Тогда он послал наводить справки повсюду.
Напомним, что Брут был сыном Сервилии, а в то время, когда Сервилия произвела его на свет, Цезарь был ее любовником.
Затем Цезарь спросил, известно ли, что сталось с тем отважным добровольцем, который первым начал сражение, Крастином.
Крастин погиб, и его тело нашли.
Вот какие подробности о его смерти сообщил человек, сражавшийся рядом с ним.
Он изрубил в куски первых помпеянцев, оказавшихся на его пути, и ворвался в самую гущу вражеских отрядов, крича: «Вперед, за Венеру Победоносную!»
Однако какой-то помпеянец с такой силой вонзил ему в разверстый рот, исторгавший этот гордый клич, свой меч, что острие клинка вышло у него из затылка. Крастин погиб на месте.
Вечером пришли новости о Бруте.
Видя, что битва проиграна, Брут спрятался в болотах, которые тянутся вдоль течения Апидана.
Затем, с наступлением ночи, он добрался до Лариссы.
Там ему стало известно, что Цезарь разыскивает его, и, зная, до какой степени тот беспокоится о нем, он написал ему несколько слов, чтобы успокоить его.
Цезарь тотчас отправил ему послание, призывая его приехать.
Брут явился, и только тогда Цезарь обрел вид человека, счастливого своей победой.
Вечером после сражения Цезарь дал три награды своим солдатам, предоставив им право распределить эти награды так, как они сочтут нужным.
Солдаты присудили первую награду ему самому как человеку, сражавшемуся доблестнее всех.
Вторую награду присудили командиру Десятого легиона.
Третью награду отдали Крастину.
Цезарь приказал вырыть Крастину отдельную могилу, и рядом с телом храброго ветерана туда положили все предметы, составлявшие воинскую награду, которую только что пожаловали погибшему его товарищи.
Цезарю принесли переписку Помпея, которую нетронутой обнаружили в его палатке.
Цезарь сжег ее целиком, не прочитав ни одного письма.
— Что ты делаешь? — спросил его Марк Антоний.
— Я сжигаю эти письма, чтобы не найти в них повода для мести, — ответил Цезарь.
Затем, бросив последний взгляд на поле боя, залитое кровью, на груды трупов и на выкопанные могилы, он воскликнул:
— О боги, будьте мне свидетелями!
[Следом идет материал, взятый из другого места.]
(* Let $\Gamma$ be a simplicial complex and $r\ge 3$. Suppose $v_1,\dots,v_r$ are (not necessarily distinct) vertices of $\Gamma$ such that $\{v_i,v_{i+1}\}$ is an edge of $\Gamma$ for each $1\le i\le r$ (indices mod $r$), and suppose there is at most one index $i$ (mod $r$) such that $\{v_{i-1},v_i,v_{i+1}\}\in\Gamma$. Then $\mathrm{gr}_1(\Gamma)\le r$.
   Context: A simplicial complex $\Gamma$ on a finite vertex set $V=V(\Gamma)$ is a family of subsets of $V$ (faces) closed under taking subsets; edges are faces with 2 elements. Note $\{v_{i-1},v_i,v_{i+1}\}$ is a set, so if $v_{i-1}=v_{i+1}$ it equals the edge $\{v_i,v_{i+1}\}$. For $W\subseteq V$, $\Gamma[W]=\{F\in\Gamma:F\subseteq W\}$. For a face $F$ (possibly empty), $\mathrm{lk}_\Gamma(F)=\{G\setminus F: F\subseteq G\in\Gamma\}$. Fix a field $\mathbf{k}$; $\tilde H_i(\cdot;\mathbf{k})$ is reduced simplicial homology. The $1$-girth is $\mathrm{gr}_{1}(\Gamma)=\min\{|W|: W\subseteq V(\Gamma),\ \tilde H_{1}(\mathrm{lk}_\Gamma(F)[W];\mathbf{k})\neq 0 \text{ for some face } F\in\Gamma \text{ (including } F=\emptyset)\}$, or $\infty$ if none exists. *)

theory Defs
  imports Main "HOL-Library.Extended_Nat"
begin

definition simplicial_complex :: "'a set \<Rightarrow> 'a set set \<Rightarrow> bool" where
  "simplicial_complex V \<Gamma> \<longleftrightarrow> finite V \<and> \<Gamma> \<subseteq> Pow V \<and>
     (\<forall>F\<in>\<Gamma>. \<forall>G. G \<subseteq> F \<longrightarrow> G \<in> \<Gamma>) \<and> (\<forall>v\<in>V. {v} \<in> \<Gamma>)"

definition induced :: "'a set set \<Rightarrow> 'a set \<Rightarrow> 'a set set" where
  "induced \<Gamma> W = {F \<in> \<Gamma>. F \<subseteq> W}"

definition link :: "'a set set \<Rightarrow> 'a set \<Rightarrow> 'a set set" where
  "link \<Gamma> F = {G - F | G. G \<in> \<Gamma> \<and> F \<subseteq> G}"

text \<open>Simplicial boundary maps with coefficients in a field, simplices oriented
  by the linear order on vertices. A chain is a function from faces to coefficients.\<close>
definition bd1 :: "'a::linorder set set \<Rightarrow> ('a set \<Rightarrow> 'k::field) \<Rightarrow> 'a \<Rightarrow> 'k" where
  "bd1 K z x = (\<Sum>e\<in>{e\<in>K. card e = 2 \<and> x \<in> e}. (if x = Max e then 1 else -1) * z e)"

definition bd2 :: "'a::linorder set set \<Rightarrow> ('a set \<Rightarrow> 'k::field) \<Rightarrow> 'a set \<Rightarrow> 'k" where
  "bd2 K c e = (\<Sum>t\<in>{t\<in>K. card t = 3 \<and> e \<subseteq> t}.
      (-1) ^ card {y\<in>t. y < the_elem (t - e)} * c t)"

text \<open>Reduced first homology over the field 'k is nonzero iff there is a 1-cycle
  which is not a boundary (reduced and unreduced H_1 coincide).\<close>
definition H1_nonzero :: "'k::field itself \<Rightarrow> 'a::linorder set set \<Rightarrow> bool" where
  "H1_nonzero _ K \<longleftrightarrow> (\<exists>z :: 'a set \<Rightarrow> 'k.
      (\<forall>e. z e \<noteq> 0 \<longrightarrow> e \<in> K \<and> card e = 2) \<and>
      (\<forall>x. bd1 K z x = 0) \<and>
      \<not> (\<exists>c :: 'a set \<Rightarrow> 'k. (\<forall>t. c t \<noteq> 0 \<longrightarrow> t \<in> K \<and> card t = 3) \<and>
             (\<forall>e. e \<in> K \<and> card e = 2 \<longrightarrow> bd2 K c e = z e)))"

text \<open>1-girth; the infimum of the empty set of enat is \<infinity>.\<close>
definition gr1 :: "'k::field itself \<Rightarrow> 'a::linorder set \<Rightarrow> 'a set set \<Rightarrow> enat" where
  "gr1 k V \<Gamma> = Inf {enat (card W) | W. W \<subseteq> V \<and>
      (\<exists>F\<in>\<Gamma>. H1_nonzero k (induced (link \<Gamma> F) W))}"

end

theory Submission
  imports Defs
begin

(* Rotating the cyclic sequence v so that its only possible triangular
   corner sits at position 0 gives a closed walk u 0, ..., u r = u 0 with distinct
   consecutive vertices, all of whose corners {u (k-1), u k, u (k+1)} for 0 < k < r are
   non-faces (a "corner-free walk").  Among all corner-free walks take one of minimal
   length m <= r.  Minimality forces its vertices to be distinct (otherwise a shorter
   closed sub-walk exists) and its chords to be trivial (otherwise a shortcut, or the
   triangle spanned by the chord, yields a shorter walk or a forbidden corner).  Hence
   the first edge {u 0, u 1} lies in no triangle of the subcomplex induced on the
   walk's vertex set W.  The oriented edge cycle of the walk is a 1-cycle with non-zero
   coefficient on that edge, so it is not a boundary: H_1 of Gamma[W] is non-zero,
   and taking F = {} in the definition of the 1-girth gives gr_1 <= |W| <= m <= r. *)

section \<open>Corner-free closed walks\<close>

definition corner_free_walk :: "'a set set \<Rightarrow> nat \<Rightarrow> (nat \<Rightarrow> 'a) \<Rightarrow> bool" where
  "corner_free_walk \<Gamma> m u \<longleftrightarrow> 3 \<le> m \<and> u m = u 0 \<and>
     (\<forall>k<m. {u k, u (Suc k)} \<in> \<Gamma> \<and> u k \<noteq> u (Suc k)) \<and>
     (\<forall>k. 0 < k \<and> k < m \<longrightarrow> {u (k - 1), u k, u (Suc k)} \<notin> \<Gamma>)"

lemma corner_free_walk_segment:
  assumes walk: "corner_free_walk \<Gamma> m u"
    and ij: "i < j" "j \<le> m" and closed: "u j = u i" and long: "3 \<le> j - i"
  shows "corner_free_walk \<Gamma> (j - i) (\<lambda>k. u (i + k))"
proof -
  have corner: "{u (i + (k - 1)), u (i + k), u (Suc (i + k))} \<notin> \<Gamma>"
    if "0 < k" "k < j - i" for k
  proof -
    have "i + (k - 1) = i + k - 1" using that by simp
    then show ?thesis using walk that ij unfolding corner_free_walk_def by auto
  qed
  show ?thesis using walk ij closed long corner unfolding corner_free_walk_def by auto
qed

lemma corner_free_walk_shortcut:
  assumes walk: "corner_free_walk \<Gamma> m u" and ij: "Suc i < j" "j < m"
    and chord: "{u i, u j} \<in> \<Gamma>" "u i \<noteq> u j" and no_face: "{u (j - 1), u j, u i} \<notin> \<Gamma>"
  shows "corner_free_walk \<Gamma> (Suc (j - i)) (\<lambda>k. if k \<le> j - i then u (i + k) else u i)"
  (is "corner_free_walk \<Gamma> _ ?w")
proof -
  have edge: "{?w k, ?w (Suc k)} \<in> \<Gamma> \<and> ?w k \<noteq> ?w (Suc k)" if "k < Suc (j - i)" for k
  proof (cases "k = j - i")
    case True then show ?thesis using chord ij by (auto simp: insert_commute)
  next
    case False then show ?thesis using walk that ij unfolding corner_free_walk_def by auto
  qed
  have corner: "{?w (k - 1), ?w k, ?w (Suc k)} \<notin> \<Gamma>" if "0 < k" "k < Suc (j - i)" for k
  proof (cases "k = j - i")
    case True
    then have "i + (k - 1) = j - 1" "i + k = j" "k - 1 \<le> j - i" "\<not> Suc k \<le> j - i"
      using ij that by auto
    then show ?thesis using True no_face by simp
  next
    case False
    then have "i + (k - 1) = i + k - 1" "k < m" using that ij by auto
    then show ?thesis using walk that ij False unfolding corner_free_walk_def by auto
  qed
  show ?thesis using ij edge corner unfolding corner_free_walk_def by auto
qed

section \<open>Minimal corner-free walks\<close>

definition minimal_corner_free_walk :: "'a set set \<Rightarrow> nat \<Rightarrow> (nat \<Rightarrow> 'a) \<Rightarrow> bool" where
  "minimal_corner_free_walk \<Gamma> m u \<longleftrightarrow>
     corner_free_walk \<Gamma> m u \<and> (\<forall>m' w. corner_free_walk \<Gamma> m' w \<longrightarrow> m \<le> m')"

lemma minimal_corner_free_walk_exists:
  assumes "corner_free_walk \<Gamma> r v"
  obtains m u where "m \<le> r" "minimal_corner_free_walk \<Gamma> m u"
proof -
  define m where "m = (LEAST m. \<exists>u. corner_free_walk \<Gamma> m u)"
  obtain u where "corner_free_walk \<Gamma> m u"
    using LeastI[of "\<lambda>m. \<exists>u. corner_free_walk \<Gamma> m u"] assms unfolding m_def by blast
  moreover have "m \<le> m'" if "corner_free_walk \<Gamma> m' w" for m' w
    unfolding m_def using that by (blast intro: Least_le)
  ultimately show ?thesis using that assms unfolding minimal_corner_free_walk_def by blast
qed

text \<open>A minimal corner-free walk visits each vertex only once: a repetition at distance
  one contradicts the edge condition, at distance two a corner, and at distance at
  least three it bounds a shorter corner-free segment.\<close>
lemma minimal_walk_distinct:
  assumes min: "minimal_corner_free_walk \<Gamma> m u" and ij: "i < j" "j < m"
  shows "u i \<noteq> u j"
proof
  assume eq: "u i = u j"
  have walk: "corner_free_walk \<Gamma> m u" using min unfolding minimal_corner_free_walk_def by simp
  consider "j = Suc i" | "j = Suc (Suc i)" | "Suc (Suc i) < j" using ij by linarith
  then show False
  proof cases
    case 1 then show False using walk eq ij unfolding corner_free_walk_def by auto
  next
    case 2
    then have "{u (Suc i - 1), u (Suc i), u (Suc (Suc i))} = {u i, u (Suc i)}" using eq by auto
    then show False using walk 2 ij unfolding corner_free_walk_def
      by (metis Suc_lessD zero_less_Suc)
  next
    case 3
    have "corner_free_walk \<Gamma> (j - i) (\<lambda>k. u (i + k))"
      using corner_free_walk_segment[OF walk] ij eq 3 by simp
    then have "m \<le> j - i" using min unfolding minimal_corner_free_walk_def by blast
    then show False using ij by simp
  qed
qed

text \<open>By induction on j: a chord {u i, u j} must span
  a face with {u (j-1), u j} (else the shortcut is shorter), so {u i, u (j-1)} is again
  a chord, which is either a forbidden corner or excluded by induction.\<close>
lemma minimal_walk_chord:
  assumes min: "minimal_corner_free_walk \<Gamma> m u"
    and down: "\<And>F G. F \<in> \<Gamma> \<Longrightarrow> G \<subseteq> F \<Longrightarrow> G \<in> \<Gamma>"
    and "i < j" "j < m" "{u i, u j} \<in> \<Gamma>"
  shows "j = Suc i \<or> (i = 0 \<and> j = m - 1)"
  using assms(3-)
proof (induction j rule: less_induct)
  case (less j)
  have walk: "corner_free_walk \<Gamma> m u" using min unfolding minimal_corner_free_walk_def by simp
  show ?case
  proof (rule ccontr)
    assume trivial: "\<not> (j = Suc i \<or> (i = 0 \<and> j = m - 1))"
    then have far: "Suc i < j" and shorter: "Suc (j - i) < m" using less.prems by auto
    have face: "{u (j - 1), u j, u i} \<in> \<Gamma>"
    proof (rule ccontr)
      assume "{u (j - 1), u j, u i} \<notin> \<Gamma>"
      then have "corner_free_walk \<Gamma> (Suc (j - i)) (\<lambda>k. if k \<le> j - i then u (i + k) else u i)"
        using corner_free_walk_shortcut[OF walk far] less.prems minimal_walk_distinct[OF min]
        by blast
      then show False using min shorter unfolding minimal_corner_free_walk_def by fastforce
    qed
    show False
    proof (cases "j - 1 = Suc i")
      case True
      then have "j = Suc (Suc i)" using far by simp
      then have "{u (j - 1), u j, u i} = {u (Suc i - 1), u (Suc i), u (Suc (Suc i))}"
        by (auto simp: insert_commute)
      then show False using face walk far less.prems unfolding corner_free_walk_def
        by (metis Suc_lessD order.strict_trans zero_less_Suc)
    next
      case False
      have "{u i, u (j - 1)} \<in> \<Gamma>" using down[OF face] by auto
      then have "j - 1 = Suc i \<or> (i = 0 \<and> j - 1 = m - 1)"
        using less.IH[of "j - 1"] far less.prems by auto
      then show False using False less.prems by auto
    qed
  qed
qed

text \<open>Consequently every face containing the first edge {u 0, u 1} and a further vertex
  of the walk would contain the forbidden corner {u 0, u 1, u 2}.\<close>
lemma minimal_walk_first_edge_free:
  assumes min: "minimal_corner_free_walk \<Gamma> m u"
    and down: "\<And>F G. F \<in> \<Gamma> \<Longrightarrow> G \<subseteq> F \<Longrightarrow> G \<in> \<Gamma>"
    and face: "{u 0, u 1, x} \<in> \<Gamma>" and x: "x \<in> u ` {..<m}"
  shows "x \<in> {u 0, u 1}"
proof (rule ccontr)
  assume new: "x \<notin> {u 0, u 1}"
  obtain c where c: "c < m" "x = u c" using x by auto
  moreover have "c \<noteq> 0" "c \<noteq> 1" using new c by fastforce+
  ultimately have "1 < c" by linarith
  moreover have "{u 1, u c} \<in> \<Gamma>" using down[OF face] c by auto
  ultimately have "c = 2" using minimal_walk_chord[of \<Gamma> m u 1 c] min down c by auto
  moreover have "{u (1 - 1), u 1, u (Suc 1)} \<notin> \<Gamma>"
    using min c \<open>1 < c\<close> unfolding minimal_corner_free_walk_def corner_free_walk_def by auto
  ultimately show False using face c by (simp add: numeral_2_eq_2)
qed

section \<open>The cycle of a closed walk and non-vanishing homology\<close>

definition walk_chain :: "nat \<Rightarrow> (nat \<Rightarrow> 'a::linorder) \<Rightarrow> 'a set \<Rightarrow> 'k::field" where
  "walk_chain m u e =
     (\<Sum>k<m. if e = {u k, u (Suc k)} then (if u (Suc k) = Max e then 1 else -1) else 0)"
Это они хотели этого, а не я! Если бы я распустил свою армию, то, несмотря на все мои победы, Катон обвинил бы меня и я был бы приговорен к изгнанию. Но вот в чем вопрос, — добавил он, словно перебивая самого себя, — не лучше ли было быть Фемистоклом-изгнанником, чем Цезарем-победителем?
XX
Мы рассказывали о том, что Помпей обратился в бегство и прибыл в Лариссу.
По мере того как он удалялся от поля битвы, те немногие верные ему люди, что сопровождали его в этом бегстве, отставали от него и скрывались из виду. В великих бедствиях есть нечто, кажущееся заразительным, и надо быть чрезвычайно преданным, чтобы не подцепить этот недуг.
К тому же все знали отходчивый нрав Цезаря, и чем скорее эти люди пошли бы на разрыв с Помпеем, тем легче им было бы помириться с Цезарем.
И потому, выезжая из Лариссы, Помпей имел при себе не более пяти или шести человек.
Затем он вступил в восхитительную Темпейскую долину, которую десятью годами позднее Вергилию предстояло воспеть в своих прекрасных стихах.
Терзаемый жаждой, он бросился ничком на землю и испил прямо из реки Пеней, а затем поднялся, снова сел на коня и направился в сторону моря.
Какому человеческому взору позволено будет разведать то, что происходило тогда в душе этого человека?
Еще вчера властелин всего света, сегодня он не был даже хозяином собственной жизни.
Еще вчера он мог разделить мир с Цезарем, взяв себе, по своему выбору, Восток или Запад.
А сегодня куда ему бежать, под каким кровом обретет он пристанище, какое дерево укроет его своей тенью?
С наступлением ночи он добрался до берега моря, а затем повернул направо, следуя вдоль подножия горы Оссы, как если бы направлялся в Эримны.
Наконец, он отыскал рыбацкую хижину и попросил у ее хозяина гостеприимства для себя и нескольких своих спутников.
Гостеприимство было ему оказано.
После Фарсала он не обронил ни слова. Все чтили его молчание, исполненное мрачных раздумий.
Он бросился на циновку и притворился, что спит.